Agriculture officials agreed to meet next week, only after Germany conceded that Spanish produce was not the origin. And health officials only recommended applying “common hygiene rules to limit the risk of contamination.”

“This issue is an absolute priority,” said EU Health Commissioner John Dalli in a statement released late Tuesday. “The European Commission is working with the German authorities, in particular, to ensure that the source of the problem is identified in order to be able to propose relevant solutions.”

“It is positive that the number of new infection cases seems to be declining, but all authorities must ensure continuous surveillance, which is crucial at this stage, as we are still working to pin down the possible source of contamination and eliminate risks for public health,” Mr. Dalli said in the statement.
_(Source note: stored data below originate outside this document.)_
lemma success_prob_estimator_alg:
  assumes \<mu>: "reservoir \<mu>" and n: "r * k * m \<le> n"
  shows "success_prob \<mu> (estimator_alg m k r j) n I =
    ennreal (measure_pmf.prob (replicate_pmf (r * k) (mixture_pmf \<mu> (\<lambda>x. binomial_pmf m (clamp01 x))))
      {xs. real (median_threshold m k r j xs) / real m \<in> I})"
proof -
  let ?est = "\<lambda>xs. real (median_threshold m k r j xs) / real m"
  let ?counts = "\<lambda>p. indep_pmfs (map (\<lambda>i. binomial_pmf m (clamp01 (p i))) [0..<r * k])"
  have "alg_output (estimator_alg m k r j) p n []
      = map_pmf (\<lambda>t. ?est (success_counts m (r * k) t)) (indep_pmfs (map (pull p) (repeat_arms m (r * k))))" for p
    using alg_output_oblivious_alg[of "repeat_arms m (r * k)" "[]" n] n
    by (simp add: estimator_alg_def length_repeat_arms)
  also have "\<dots> p = map_pmf ?est (?counts p)" for p
    by (simp flip: success_counts_repeat_arms add: pmf.map_comp o_def)
  finally have "success_prob \<mu> (estimator_alg m k r j) n I
      = (\<integral>\<^sup>+ p. emeasure (?counts p) (?est -` I) \<partial>PiM UNIV (\<lambda>_. \<mu>))"
    unfolding success_prob_def by (simp add: measure_pmf.emeasure_eq_measure)
  also have "\<dots> = emeasure (replicate_pmf (r * k) (mixture_pmf \<mu> (\<lambda>x. binomial_pmf m (clamp01 x)))) (?est -` I)"
    by (intro nn_integral_PiM_emeasure_indep_pmfs measurable_pmf_binomial_clamp01
        reservoir_prob_space sets_reservoir \<mu>)
  finally show ?thesis
    by (simp add: measure_pmf.emeasure_eq_measure vimage_def)
qed

lemma prob_success_count_ge_lower:
  fixes \<eta>1 \<eta>2 \<epsilon> :: real and m :: nat
  assumes \<mu>: "reservoir \<mu>" and \<eta>: "0 < \<eta>2" "\<eta>2 \<le> \<eta>1" "\<eta>1 < 1" and \<epsilon>: "0 < \<epsilon>"
    and m: "m > 0" "exp (- 2 * real m * (\<epsilon>/6)\<^sup>2) \<le> \<eta>2/8"
  shows "\<eta>1 - \<eta>2/8 \<le> measure_pmf.prob (mixture_pmf \<mu> (\<lambda>x. binomial_pmf m (clamp01 x)))
           {c. nat \<lceil>m * (G_inv \<mu> (1 - \<eta>1) - \<epsilon>/3)\<rceil> \<le> c}"
proof -
  define a where "a = G_inv \<mu> (1 - \<eta>1)"
  have a: "a \<in> {0..1}"
    unfolding a_def using G_inv_in_unit[OF \<mu>] \<eta> by simp
  have "G \<mu> (a - \<epsilon>/6) < 1 - \<eta>1"
    unfolding a_def using \<eta> \<epsilon> by (intro G_less_below_G_inv) auto
  then have mass: "\<eta>1 \<le> measure \<mu> {a - \<epsilon>/6<..}"
    using measure_greaterThan_reservoir[OF \<mu>] by simp
  have "(1 - exp (- 2 * real m * (\<epsilon>/6)\<^sup>2)) * measure \<mu> {a - \<epsilon>/6<..}
      \<le> measure_pmf.prob (mixture_pmf \<mu> (\<lambda>x. binomial_pmf m (clamp01 x))) {c. nat \<lceil>m * (a - \<epsilon>/3)\<rceil> \<le> c}"
  proof (rule prob_mixture_binomial_at_least_lower[OF reservoir_prob_space[OF \<mu>] sets_reservoir[OF \<mu>] m(1)])
    fix c assume "c < nat \<lceil>m * (a - \<epsilon>/3)\<rceil>"
    then have "real c < m * (a - \<epsilon>/3)"
      by (simp add: zless_nat_eq_int_zless less_ceiling_iff)
    then show "real c / m \<le> a - \<epsilon>/6 - \<epsilon>/6"
      using m(1) by (simp add: field_simps)
  qed (use a \<epsilon> in auto)
  moreover have "\<eta>1 - \<eta>2/8 \<le> (1 - exp (- 2 * real m * (\<epsilon>/6)\<^sup>2)) * measure \<mu> {a - \<epsilon>/6<..}"
  proof -
    have "\<eta>1 - \<eta>2/8 \<le> (1 - \<eta>2/8) * \<eta>1"
      using \<eta> mult_left_mono[of \<eta>1 1 "\<eta>2/8"] by (simp add: algebra_simps)
    also have "\<dots> \<le> (1 - exp (- 2 * real m * (\<epsilon>/6)\<^sup>2)) * measure \<mu> {a - \<epsilon>/6<..}"
      using m(2) mass \<eta> by (intro mult_mono) auto
    finally show ?thesis .
  qed
  ultimately show ?thesis unfolding a_def by linarith
qed

lemma prob_success_count_ge_upper:
  fixes \<eta>1 \<eta>2 \<epsilon> :: real and m :: nat
  assumes \<mu>: "reservoir \<mu>" and \<eta>: "0 < \<eta>2" "\<eta>2 \<le> \<eta>1" "\<eta>1 < 1" and \<epsilon>: "0 < \<epsilon>"
    and m: "m > 0" "exp (- 2 * real m * (\<epsilon>/6)\<^sup>2) \<le> \<eta>2/8"
  shows "measure_pmf.prob (mixture_pmf \<mu> (\<lambda>x. binomial_pmf m (clamp01 x)))
           {c. nat \<lfloor>m * (G_inv \<mu> (1 - \<eta>1 + \<eta>2) + \<epsilon>/3)\<rfloor> + 1 \<le> c} \<le> \<eta>1 - 7 * \<eta>2/8"
proof -
  define b where "b = G_inv \<mu> (1 - \<eta>1 + \<eta>2)"
  have b: "b \<in> {0..1}"
    unfolding b_def using G_inv_in_unit[OF \<mu>] \<eta> by simp
  have "1 - \<eta>1 + \<eta>2 \<le> G \<mu> (b + \<epsilon>/6)"
    unfolding b_def using \<eta> \<epsilon> by (intro G_ge_above_G_inv[OF \<mu>]) auto
  then have mass: "measure \<mu> {b + \<epsilon>/6<..} \<le> \<eta>1 - \<eta>2"
    using measure_greaterThan_reservoir[OF \<mu>] by simp
  have "measure_pmf.prob (mixture_pmf \<mu> (\<lambda>x. binomial_pmf m (clamp01 x))) {c. nat \<lfloor>m * (b + \<epsilon>/3)\<rfloor> + 1 \<le> c}
      \<le> measure \<mu> {b + \<epsilon>/6<..} + exp (- 2 * real m * (\<epsilon>/6)\<^sup>2)"
  proof (rule prob_mixture_binomial_at_least_upper[OF reservoir_prob_space[OF \<mu>] sets_reservoir[OF \<mu>] m(1)])
    fix c assume "nat \<lfloor>m * (b + \<epsilon>/3)\<rfloor> + 1 \<le> c"
    then have "m * (b + \<epsilon>/3) \<le> real c"
      by linarith
    then show "b + \<epsilon>/6 + \<epsilon>/6 \<le> real c / m"
      using m(1) by (simp add: field_simps)
  qed (use b \<epsilon> in auto)
  then show ?thesis
    using mass m(2) unfolding b_def by linarith
qed

lemma divide_in_atLeastAtMost_ceiling_floor:
  fixes a b :: real and m s :: nat
  assumes "m > 0" "0 \<le> b" "nat \<lceil>m * a\<rceil> \<le> s" "s < nat \<lfloor>m * b\<rfloor> + 1"
  shows "real s / m \<in> {a..b}"
proof -
  have "0 \<le> m * b"
    using assms(2) by simp
  moreover have "real s \<le> real (nat \<lfloor>m * b\<rfloor>)"
    using assms(4) by simp
  ultimately have "real s \<le> m * b"
    using of_nat_floor[of "m * b"] by linarith
  moreover have "m * a \<le> real s"
    using assms(3) by linarith
  ultimately show ?thesis
    using assms(1) by (simp add: field_simps)
qed

lemma success_prob_estimator_alg_ge:
  fixes \<eta>1 \<eta>2 \<epsilon> \<delta> :: real and m k r j n :: nat
  assumes \<mu>: "reservoir \<mu>" and \<eta>: "0 < \<eta>2" "\<eta>2 \<le> \<eta>1" "\<eta>1 < 1" and \<epsilon>: "0 < \<epsilon>"
    and m: "m > 0" "exp (- 2 * real m * (\<epsilon>/6)\<^sup>2) \<le> \<eta>2/8"
    and k: "128 * \<eta>1 / \<eta>2\<^sup>2 \<le> k" and j: "k * (\<eta>1 - \<eta>2/2) \<le> j" "real j - 1 < k * (\<eta>1 - \<eta>2/2)"
    and r: "r > 0" "exp (- 9 * real r / 32) \<le> \<delta>/4"
    and n: "r * k * m \<le> n"
  shows "ennreal (1 - \<delta>/2) \<le> success_prob \<mu> (estimator_alg m k r j) n
           {G_inv \<mu> (1 - \<eta>1) - \<epsilon>/3 .. G_inv \<mu> (1 - \<eta>1 + \<eta>2) + \<epsilon>/3}"
proof -
  define a b where "a = G_inv \<mu> (1 - \<eta>1)" and "b = G_inv \<mu> (1 - \<eta>1 + \<eta>2)"
  define s_lo s_hi where "s_lo = nat \<lceil>m * (a - \<epsilon>/3)\<rceil>" and "s_hi = nat \<lfloor>m * (b + \<epsilon>/3)\<rfloor> + 1"
  define \<nu> where "\<nu> = mixture_pmf \<mu> (\<lambda>x. binomial_pmf m (clamp01 x))"
  have "7/8 \<le> measure_pmf.prob (binomial_pmf k (measure_pmf.prob \<nu> {c. s_lo \<le> c})) {c. j \<le> c}"
    using prob_success_count_ge_lower[OF \<mu> \<eta> \<epsilon> m] \<eta> k j
    unfolding \<nu>_def s_lo_def a_def by (intro binomial_pmf_prob_at_least_high) auto
  moreover have "measure_pmf.prob (binomial_pmf k (measure_pmf.prob \<nu> {c. s_hi \<le> c})) {c. j \<le> c} \<le> 1/8"
    using prob_success_count_ge_upper[OF \<mu> \<eta> \<epsilon> m] \<eta> k j
    unfolding \<nu>_def s_hi_def b_def by (intro binomial_pmf_prob_at_least_low) auto
  moreover have "s_lo \<le> m"
    using G_inv_in_unit[OF \<mu>, of "1 - \<eta>1"] \<eta> \<epsilon> mult_left_mono[of "a - \<epsilon>/3" 1 "real m"]
    unfolding s_lo_def a_def by (simp add: ceiling_le_iff nat_le_iff)
  moreover have "b \<in> {0..1}"
    unfolding b_def using G_inv_in_unit[OF \<mu>] \<eta> by simp
  then have interval: "real (median_threshold m k r j xs) / m \<in> {a - \<epsilon>/3 .. b + \<epsilon>/3}"
    if "s_lo \<le> median_threshold m k r j xs" "median_threshold m k r j xs < s_hi" for xs
    using that m(1) \<epsilon> unfolding s_lo_def s_hi_def by (intro divide_in_atLeastAtMost_ceiling_floor) auto
  ultimately have "1 - 2 * exp (- 9 * real r / 32)
      \<le> measure_pmf.prob (replicate_pmf (r * k) \<nu>)
            {xs. s_lo \<le> median_threshold m k r j xs \<and> median_threshold m k r j xs < s_hi}"
    using r by (intro median_threshold_concentration) auto
  also have "\<dots> \<le> measure_pmf.prob (replicate_pmf (r * k) \<nu>)
            {xs. real (median_threshold m k r j xs) / m \<in> {a - \<epsilon>/3 .. b + \<epsilon>/3}}"
    using interval by (intro measure_pmf.finite_measure_mono) auto
  finally show ?thesis
    using success_prob_estimator_alg[OF \<mu> n] r(2) unfolding \<nu>_def a_def b_def
    by (simp add: ennreal_leI)
qed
The outbreak is limited geographically to the Hamburg area in Germany, and the cases that have appeared elsewhere in Europe affected people who have recently visited Germany.

Women and elderly have been the most affected by what European authorities are calling one of the deadliest E. coli contaminations ever and the biggest in Germany.

In a rare admission, Germany backtracked on what now appears was a precipitous conclusion that Spanish produce was to blame. “Germany recognizes that the Spanish cucumbers are not the cause,” German state secretary for Agriculture Robert Kloos reportedly said Tuesday while at the EU agriculture ministers meeting in Hungary.